В смертельной тоске Жан обернулся и взглянул на Париж. К концу сияющего воскресного дня косые лучи солнца на самом краю небосклона озаряли огромный город жгучим алым светом. Казалось, это — кровавое солнце над безмерным морем. Стекла бесчисленных окон накалились, словно их разжигали невидимые мехи; крыши воспламенились, как пласты угля; желтые стены, высокие здания пылали, потрескивая в вечернем воздухе, как вспыхивающие вязанки хвороста. То был последний огненный сноп, гигантский багровый букет; весь Париж горел, словно исполинская связка прутьев, словно древний, иссохший лес, взлетал сразу в небо стаей крупных и мелких искр. Пожары не прекращались; все еще поднимались большие столбы бурого дыма; слышался протяжный гул — может быть, предсмертный хрип расстрелянных в казарме Лобо; а быть может, радостные крики женщин и смех детей, обедавших на террасах ресторанов после приятной прогулки. Дома и здания были разграблены, мостовые разворочены, но среди всех этих развалин и страданий на пламенеющем царственном закате, закате того дня, когда догорал Париж, снова шумела жизнь.

И вот у Жана возникло небывалое ощущение.
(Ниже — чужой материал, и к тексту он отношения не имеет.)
(* Let $(T,\to)$ be a countable tournament such that $\mathrm{Aut}(T,\to)$ is transitive on $T$ and transitive on the set of arcs $\{(x,y): x\to y\}$. Suppose that for each vertex $x$, the 3-cycle $C_3$ embeds in the subtournament induced on $x^+=\{y: x\to y\}$. Then $C_3$ embeds in the subtournament induced on $x^-=\{y:y\to x\}$ for each vertex $x$.
   Context: A tournament is a digraph in which for any distinct $x,y$ exactly one of $x\to y$, $y\to x$ holds. $C_3$ denotes the tournament on $\{a,b,c\}$ with $a\to b\to c\to a$. *)

theory Defs
  imports Main "HOL-Library.Countable_Set"
begin

definition tournament :: "'a set \<Rightarrow> ('a \<Rightarrow> 'a \<Rightarrow> bool) \<Rightarrow> bool" where
  "tournament V E \<longleftrightarrow>
     (\<forall>x\<in>V. \<not> E x x) \<and>
     (\<forall>x\<in>V. \<forall>y\<in>V. x \<noteq> y \<longrightarrow> (E x y \<longleftrightarrow> \<not> E y x))"

definition automorphism :: "'a set \<Rightarrow> ('a \<Rightarrow> 'a \<Rightarrow> bool) \<Rightarrow> ('a \<Rightarrow> 'a) \<Rightarrow> bool" where
  "automorphism V E f \<longleftrightarrow> bij_betw f V V \<and> (\<forall>x\<in>V. \<forall>y\<in>V. E x y \<longleftrightarrow> E (f x) (f y))"

definition vertex_transitive :: "'a set \<Rightarrow> ('a \<Rightarrow> 'a \<Rightarrow> bool) \<Rightarrow> bool" where
  "vertex_transitive V E \<longleftrightarrow>
     (\<forall>x\<in>V. \<forall>y\<in>V. \<exists>f. automorphism V E f \<and> f x = y)"

definition arc_transitive :: "'a set \<Rightarrow> ('a \<Rightarrow> 'a \<Rightarrow> bool) \<Rightarrow> bool" where
  "arc_transitive V E \<longleftrightarrow>
     (\<forall>x\<in>V. \<forall>y\<in>V. \<forall>u\<in>V. \<forall>v\<in>V. E x y \<longrightarrow> E u v \<longrightarrow>
        (\<exists>f. automorphism V E f \<and> f x = u \<and> f y = v))"

definition out_nbhd :: "'a set \<Rightarrow> ('a \<Rightarrow> 'a \<Rightarrow> bool) \<Rightarrow> 'a \<Rightarrow> 'a set" where
  "out_nbhd V E x = {y\<in>V. E x y}"

definition in_nbhd :: "'a set \<Rightarrow> ('a \<Rightarrow> 'a \<Rightarrow> bool) \<Rightarrow> 'a \<Rightarrow> 'a set" where
  "in_nbhd V E x = {y\<in>V. E y x}"

definition C3_arc :: "nat \<Rightarrow> nat \<Rightarrow> bool" where
  "C3_arc i j \<longleftrightarrow> (i = 0 \<and> j = 1) \<or> (i = 1 \<and> j = 2) \<or> (i = 2 \<and> j = 0)"

definition embeds_C3 :: "('a \<Rightarrow> 'a \<Rightarrow> bool) \<Rightarrow> 'a set \<Rightarrow> bool" where
  "embeds_C3 E S \<longleftrightarrow> (\<exists>g. inj_on g {0::nat,1,2} \<and> g ` {0,1,2} \<subseteq> S \<and>
     (\<forall>i\<in>{0,1,2}. \<forall>j\<in>{0,1,2}. C3_arc i j \<longleftrightarrow> E (g i) (g j)))"

end

theory Submission
  imports Defs
begin

text \<open>Take a 3-cycle a -> b -> c -> a in the out-neighbourhood of z and, by arc transitivity,
  an automorphism f mapping the arc z -> a onto b -> c. With p = f b and q = f c the images of the
  arcs at z give b -> p, b -> q, c -> p, q -> c and p -> q. Splitting on the arcs between a and
  p, q yields a 3-cycle inside some in-neighbourhood: a b c into p if a -> p; q c p into a if
  p -> a and q -> a; a b p into q otherwise. Vertex transitivity carries it to every vertex.\<close>

definition cyclic_triple :: "('a \<Rightarrow> 'a \<Rightarrow> bool) \<Rightarrow> 'a set \<Rightarrow> bool" where
  "cyclic_triple E S \<longleftrightarrow> (\<exists>a\<in>S. \<exists>b\<in>S. \<exists>c\<in>S. E a b \<and> E b c \<and> E c a)"

lemma tournament_irrefl: "tournament V E \<Longrightarrow> x \<in> V \<Longrightarrow> \<not> E x x"
  unfolding tournament_def by blast

lemma tournament_asym: "tournament V E \<Longrightarrow> x \<in> V \<Longrightarrow> y \<in> V \<Longrightarrow> E x y \<Longrightarrow> \<not> E y x"
  unfolding tournament_def by metis

lemma tournament_total:
  "tournament V E \<Longrightarrow> x \<in> V \<Longrightarrow> y \<in> V \<Longrightarrow> x \<noteq> y \<Longrightarrow> \<not> E x y \<Longrightarrow> E y x"
  unfolding tournament_def by blast

lemma embeds_C3_iff_cyclic_triple:
  assumes T: "tournament V E" and S: "S \<subseteq> V"
  shows "embeds_C3 E S \<longleftrightarrow> cyclic_triple E S"
proof
  assume "embeds_C3 E S"
  then obtain g where g: "g ` {0::nat,1,2} \<subseteq> S"
    "\<forall>i\<in>{0,1,2}. \<forall>j\<in>{0,1,2}. C3_arc i j \<longleftrightarrow> E (g i) (g j)"
    unfolding embeds_C3_def by blast
  then have "E (g 0) (g 1)" "E (g 1) (g 2)" "E (g 2) (g 0)"
    unfolding C3_arc_def by auto
  with g(1) show "cyclic_triple E S"
    unfolding cyclic_triple_def by blast
next
  assume "cyclic_triple E S"
  then obtain a b c where abc: "a \<in> S" "b \<in> S" "c \<in> S" "E a b" "E b c" "E c a"
    unfolding cyclic_triple_def by blast
  with S have V: "a \<in> V" "b \<in> V" "c \<in> V" by auto
  have non_arcs: "\<not> E b a" "\<not> E c b" "\<not> E a c" "\<not> E a a" "\<not> E b b" "\<not> E c c"
    using tournament_asym[OF T] tournament_irrefl[OF T] V abc(4-6) by blast+
  then have distinct: "a \<noteq> b" "b \<noteq> c" "c \<noteq> a"
    using abc(4-6) by auto
  define g where "g = (\<lambda>i::nat. if i = 0 then a else if i = 1 then b else c)"
  have "inj_on g {0,1,2}" "g ` {0,1,2} \<subseteq> S"
    using distinct abc(1-3) unfolding g_def inj_on_def by auto
  moreover have "\<forall>i\<in>{0,1,2}. \<forall>j\<in>{0,1,2}. C3_arc i j \<longleftrightarrow> E (g i) (g j)"
    using abc(4-6) non_arcs unfolding g_def C3_arc_def by auto
  ultimately show "embeds_C3 E S"
    unfolding embeds_C3_def by blast
qed

lemma automorphism_cyclic_triple_in_nbhd:
  assumes f: "automorphism V E f" and y: "y \<in> V"
    and "cyclic_triple E (in_nbhd V E y)"
  shows "cyclic_triple E (in_nbhd V E (f y))"
proof -
  have fV: "\<And>u. u \<in> V \<Longrightarrow> f u \<in> V"
    and fE: "\<And>u w. u \<in> V \<Longrightarrow> w \<in> V \<Longrightarrow> E u w \<longleftrightarrow> E (f u) (f w)"
    using f unfolding automorphism_def bij_betw_def by auto
  obtain r s t where rst: "r \<in> V" "s \<in> V" "t \<in> V"
    and into_y: "E r y" "E s y" "E t y" and cycle: "E r s" "E s t" "E t r"
    using assms(3) unfolding cyclic_triple_def in_nbhd_def by blast
  have "f r \<in> in_nbhd V E (f y)" "f s \<in> in_nbhd V E (f y)" "f t \<in> in_nbhd V E (f y)"
    using rst into_y fV fE y unfolding in_nbhd_def by auto
  moreover have "E (f r) (f s)" "E (f s) (f t)" "E (f t) (f r)"
    using rst cycle fE by auto
  ultimately show ?thesis
    unfolding cyclic_triple_def by blast
qed

lemma vertex_transitive_cyclic_triple_in_nbhd:
  assumes "vertex_transitive V E" and "y \<in> V" "cyclic_triple E (in_nbhd V E y)"
    and "x \<in> V"
  shows "cyclic_triple E (in_nbhd V E x)"
proof -
  obtain f where "automorphism V E f" "f y = x"
    using assms(1,2,4) unfolding vertex_transitive_def by blast
  then show ?thesis
    using automorphism_cyclic_triple_in_nbhd assms(2,3) by metis
qed

lemma arc_transitive_cyclic_triple_in_some_in_nbhd:
  assumes T: "tournament V E" and "arc_transitive V E" and z: "z \<in> V"
    and "cyclic_triple E (out_nbhd V E z)"
  shows "\<exists>y\<in>V. cyclic_triple E (in_nbhd V E y)"
proof -
  obtain a b c where V: "a \<in> V" "b \<in> V" "c \<in> V"
    and out_z: "E z a" "E z b" "E z c" and abc: "E a b" "E b c" "E c a"
    using assms(4) unfolding cyclic_triple_def out_nbhd_def by blast
  obtain f where f: "automorphism V E f" "f z = b" "f a = c"
    using assms(2) z V out_z abc unfolding arc_transitive_def by blast
  have fV: "\<And>u. u \<in> V \<Longrightarrow> f u \<in> V"
    and fE: "\<And>u w. u \<in> V \<Longrightarrow> w \<in> V \<Longrightarrow> E u w \<longleftrightarrow> E (f u) (f w)"
    using f(1) unfolding automorphism_def bij_betw_def by auto
  define p where "p = f b"
  define q where "q = f c"
  have pq: "p \<in> V" "q \<in> V"
    unfolding p_def q_def using fV V by auto
  have arcs: "E b p" "E b q" "E c p" "E q c" "E p q"
    using fE[of z b] fE[of z c] fE[of a b] fE[of c a] fE[of b c] V z out_z abc f(2,3)
    unfolding p_def q_def by simp_all
  have cyclic_in: "\<exists>y\<in>V. cyclic_triple E (in_nbhd V E y)"
    if "r \<in> V" "s \<in> V" "t \<in> V" "y \<in> V" "E r y" "E s y" "E t y" "E r s" "E s t" "E t r"
    for r s t y
    using that unfolding cyclic_triple_def in_nbhd_def by blast
  have a_ne: "a \<noteq> p" "a \<noteq> q"
    using tournament_asym[OF T] V pq abc(1) arcs(1,2) by blast+
  show ?thesis
  proof (cases "E a p")
    case True
    then show ?thesis using cyclic_in[of a b c p] V pq arcs abc by blast
  next
    case False
    then have pa: "E p a"
      using tournament_total[OF T] V(1) pq(1) a_ne(1) by blast
    show ?thesis
    proof (cases "E q a")
      case True
      then show ?thesis using cyclic_in[of q c p a] V pq arcs pa abc by blast
    next
      case False
      then have "E a q"
        using tournament_total[OF T] V(1) pq(2) a_ne(2) by blast
      then show ?thesis using cyclic_in[of a b p q] V pq arcs pa abc by blast
    qed
  qed
qed

theorem lemma3p4:
  fixes V :: "'a set" and E :: "'a \<Rightarrow> 'a \<Rightarrow> bool"
  assumes "countable V"
    and "tournament V E"
    and "vertex_transitive V E"
    and "arc_transitive V E"
    and "\<forall>x\<in>V. embeds_C3 E (out_nbhd V E x)"
  shows "\<forall>x\<in>V. embeds_C3 E (in_nbhd V E x)"
proof
  fix x assume x: "x \<in> V"
  have "out_nbhd V E x \<subseteq> V" "in_nbhd V E x \<subseteq> V"
    unfolding out_nbhd_def in_nbhd_def by auto
  note embeds_iff = this[THEN embeds_C3_iff_cyclic_triple[OF assms(2)]]
  have "cyclic_triple E (out_nbhd V E x)"
    using assms(5) x embeds_iff(1) by simp
  then obtain y where "y \<in> V" "cyclic_triple E (in_nbhd V E y)"
    using arc_transitive_cyclic_triple_in_some_in_nbhd[OF assms(2,4) x] by blast
  then have "cyclic_triple E (in_nbhd V E x)"
    by (rule vertex_transitive_cyclic_triple_in_nbhd[OF assms(3) _ _ x])
  then show "embeds_C3 E (in_nbhd V E x)"
    using embeds_iff(2) by simp
qed

end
Ему почудилось, что в медленно наступающих сумерках, над столицей, объятой пламенем, уже встает утренняя заря. А ведь это был конец всему, ожесточение судьбы, бедствия, каких еще не приходилось испытать ни одному народу: беспрерывные поражения, потеря целых областей, миллиарды контрибуции, гражданская война, потоки крови, груды развалин и трупов; ни денег, ни чести — и необходимость восстановить целый мир! Жан сам оставлял здесь свое растерзанное сердце, Мориса, Генриетту, все свое счастливое будущее, унесенное грозой. И все-таки за ревущим пеклом в сияющей высоте великого спокойного неба воскресала живучая надежда. Это было подлинное обновление вечной природы, вечного человечества, возрождение, обещанное тому, кто надеется и работает, дерево, пускающее новый могучий росток после того, как отрезали прогнившую ветку, чьи ядовитые соки сушили листву.

Жан, рыдая, повторил: — Прощайте!

Генриетта не подняла головы, закрыв лицо руками.

— Прощайте!

Опустошенное поле осталось невозделанным; сожженный дом лежал в развалинах, и Жан, самый смиренный и скорбный человек, пошел навстречу будущему, готовый приняться за великое, трудное дело — заново построить всю Францию.